The 62-page "American National Standard - Occupational Health and Safety Management Systems" (ANSI Z10), the closest the U.S. may ever get to a workplace safety program rule (although voluntary) and a possible precursor to a global ISO safety and health program standard, is now available for public review.

Work on the standard began in 1999 by a committee of experts, virtually a “who's who” in safety and health from industry, labor, professional societies, business trade associations and other groups.

Their final product is patterned after the management system principles of ISO 9000 (quality) and 14000 (environmental) standards.

Standards-writers say that compliance with ANSI Z10 requirements can minimize workplace risks and reduce the cost of job-related injuries, illnesses and fatalities.

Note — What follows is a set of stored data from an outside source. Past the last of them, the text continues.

(* Let $1\le k<d$, $\mu>0$, $u\in\mathbb{R}^d$ with $u_1\ge\cdots\ge u_d\ge0$, $\bar u_i=u_i/(1+\mu)$ for $i\in[k]$, and let $\tilde x=\mathrm{argmin}_{x\in\mathbb{R}^d}\{\mu\|x\|_{k,2}^2+\|x-u\|^2\}$. Then there exist indices $j_s\in\{1,\dots,k\}$, $j_e\in\{k,\dots,d\}$ and a number $\xi$ with $u_{j_e+1}\le\xi\le\bar u_{j_s-1}$ (with the conventions $\bar u_0=+\infty$, $u_{d+1}=0$) such that $$\tilde x=(\bar u_1,\dots,\bar u_{j_s-1},\underbrace{\xi,\dots,\xi}_{\text{positions } j_s,\dots,j_e},u_{j_e+1},\dots,u_d)^\top .$$ Moreover, for arbitrary $v\in\mathbb{R}^d$, if $u=\sigma(|v|)$ where $|v|=(|v_1|,\dots,|v_d|)$ and $\sigma$ is a permutation of coordinates sorting $|v|$ in non-increasing order, then $\mathrm{prox}_{\frac{\mu}{2}\|\cdot\|_{k,2}^2}(v)=\mathrm{sign}(v)\odot\sigma^{-1}(\tilde x)$.
   Context: $\|\cdot\|$ is the Euclidean norm. For $z\in\mathbb{R}^m$ and integer $j\ge0$, $\|z\|_{j,2}$ is the Euclidean norm of the vector obtained from $z$ by keeping (up to) $j$ entries of largest absolute value and setting the others to $0$. For convex $g$, $\mathrm{prox}_g(x)=\mathrm{argmin}_y\{g(y)+\frac12\|x-y\|^2\}$. $\mathrm{sign}(v)\in\{-1,1\}^d$ has $i$th entry $1$ if $v_i\ge0$ and $-1$ otherwise; $\odot$ is the entrywise product; $\sigma$ and $\sigma^{-1}$ act on vectors by permuting coordinates, with $\sigma^{-1}(\sigma(x))=x$. *)

theory Defs
  imports Complex_Main
begin

text \<open>Vectors of R^d are functions nat => real, coordinates 1..d, zero elsewhere.\<close>
definition vecs :: "nat \<Rightarrow> (nat \<Rightarrow> real) set" where
  "vecs d = {x. \<forall>i. i \<notin> {1..d} \<longrightarrow> x i = 0}"

definition enorm :: "nat \<Rightarrow> (nat \<Rightarrow> real) \<Rightarrow> real" where
  "enorm d z = sqrt (\<Sum>i=1..d. (z i)^2)"

definition topk_norm :: "nat \<Rightarrow> nat \<Rightarrow> (nat \<Rightarrow> real) \<Rightarrow> real" where
  "topk_norm d j z = Max ((\<lambda>S. sqrt (\<Sum>i\<in>S. (z i)^2)) ` {S. S \<subseteq> {1..d} \<and> card S \<le> j})"

definition minimizers :: "('a \<Rightarrow> real) \<Rightarrow> 'a set \<Rightarrow> 'a set" where
  "minimizers F A = {x \<in> A. \<forall>y \<in> A. F x \<le> F y}"

text \<open>prox_g(v) as the set of minimizers (a singleton for the convex g used here).\<close>
definition prox_set :: "nat \<Rightarrow> ((nat \<Rightarrow> real) \<Rightarrow> real) \<Rightarrow> (nat \<Rightarrow> real) \<Rightarrow> (nat \<Rightarrow> real) set" where
  "prox_set d g v = minimizers (\<lambda>y. g y + 1/2 * (enorm d (\<lambda>i. v i - y i))^2) (vecs d)"

definition sign_of :: "real \<Rightarrow> real" where
  "sign_of t = (if t \<ge> 0 then 1 else -1)"

end

theory Submission
  imports Defs "HOL-Analysis.Analysis"
begin

(*
  The objective mu ||x||_{k,2}^2 + ||x - u||^2 is strongly convex, because the squared top-k norm
  is midpoint convex, so it has at most one minimizer and it suffices to exhibit one of the stated
  shape.  The level xi is a root, found by the intermediate value theorem, of
  sum_i max 0 (min (u_i - xi) (mu xi)) = k mu xi, and js, je delimit the entries of u lying in
  [xi, (1 + mu) xi].  The resulting candidate x is certified optimal by the dual bound
  <y, u - x> <= mu ||x||_{k,2} ||y||_{k,2}, with equality at y = x.  The prox formula for a general
  v follows because the objective is invariant under signed permutations of the coordinates.
*)

lemma finite_topk_supports: "finite {S. S \<subseteq> {1..d::nat} \<and> card S \<le> k}"
  by (rule finite_subset[of _ "Pow {1..d}"]) auto

lemma topk_norm_altdef: "topk_norm d k z = Max (L2_set z ` {S. S \<subseteq> {1..d} \<and> card S \<le> k})"
  by (simp add: topk_norm_def L2_set_def)

lemma L2_set_le_topk_norm:
  assumes "S \<subseteq> {1..d}" "card S \<le> k"
  shows "L2_set z S \<le> topk_norm d k z"
  unfolding topk_norm_altdef by (rule Max_ge) (use finite_topk_supports assms in auto)

lemma topk_norm_attained:
  obtains S where "S \<subseteq> {1..d}" "card S \<le> k" "topk_norm d k z = L2_set z S"
proof -
  have "topk_norm d k z \<in> L2_set z ` {S. S \<subseteq> {1..d} \<and> card S \<le> k}"
    unfolding topk_norm_altdef by (rule Max_in) (use finite_topk_supports in auto)
  then show ?thesis using that by auto
qed

lemma power2_L2_set: "(L2_set f A)^2 = (\<Sum>i\<in>A. (f i)^2)"
  by (simp add: L2_set_def sum_nonneg)

lemma power2_enorm: "(enorm d z)^2 = (\<Sum>i=1..d. (z i)^2)"
  unfolding enorm_def by (simp add: sum_nonneg)

lemma power2_topk_norm_midpoint:
  "(topk_norm d k (\<lambda>i. (x i + y i)/2))^2 \<le> ((topk_norm d k x)^2 + (topk_norm d k y)^2)/2"
proof -
  obtain S where S: "S \<subseteq> {1..d}" "card S \<le> k"
    and attained: "topk_norm d k (\<lambda>i. (x i + y i)/2) = L2_set (\<lambda>i. (x i + y i)/2) S"
    by (rule topk_norm_attained)
  have "(\<Sum>i\<in>S. ((x i + y i)/2)^2) \<le> (\<Sum>i\<in>S. ((x i)^2 + (y i)^2)/2)"
  proof (rule sum_mono)
    fix i show "((x i + y i)/2)^2 \<le> ((x i)^2 + (y i)^2)/2"
      using sum_squares_ge_zero[of "x i - y i" 0] by (simp add: power2_eq_square field_simps)
  qed
  also have "\<dots> = ((L2_set x S)^2 + (L2_set y S)^2)/2"
    by (simp add: power2_L2_set sum.distrib[symmetric] sum_divide_distrib)
  also have "\<dots> \<le> ((topk_norm d k x)^2 + (topk_norm d k y)^2)/2"
    using L2_set_le_topk_norm[OF S, of x] L2_set_le_topk_norm[OF S, of y]
    by (intro divide_right_mono add_mono power_mono) auto
  finally show ?thesis by (simp add: attained power2_L2_set)
qed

Flexible, performance-based requirements cover:

  • Management leadership
  • Employee participation
  • Program planning, reviews and assessments
  • Hierarchy of protective controls
  • Management of change
  • Purchasing
  • Contractors
  • Emergency preparedness
  • Education, training and awareness
  • Communication
  • Document and record control
  • Monitoring and measurement
  • Incident investigation
  • Audits
  • Corrective actions
  • Management review and follow-up

To meet the standard's requirements, businesses of all sizes are free to devise their own procedures or systems for each of these areas, as long as the steps can be documented and audited.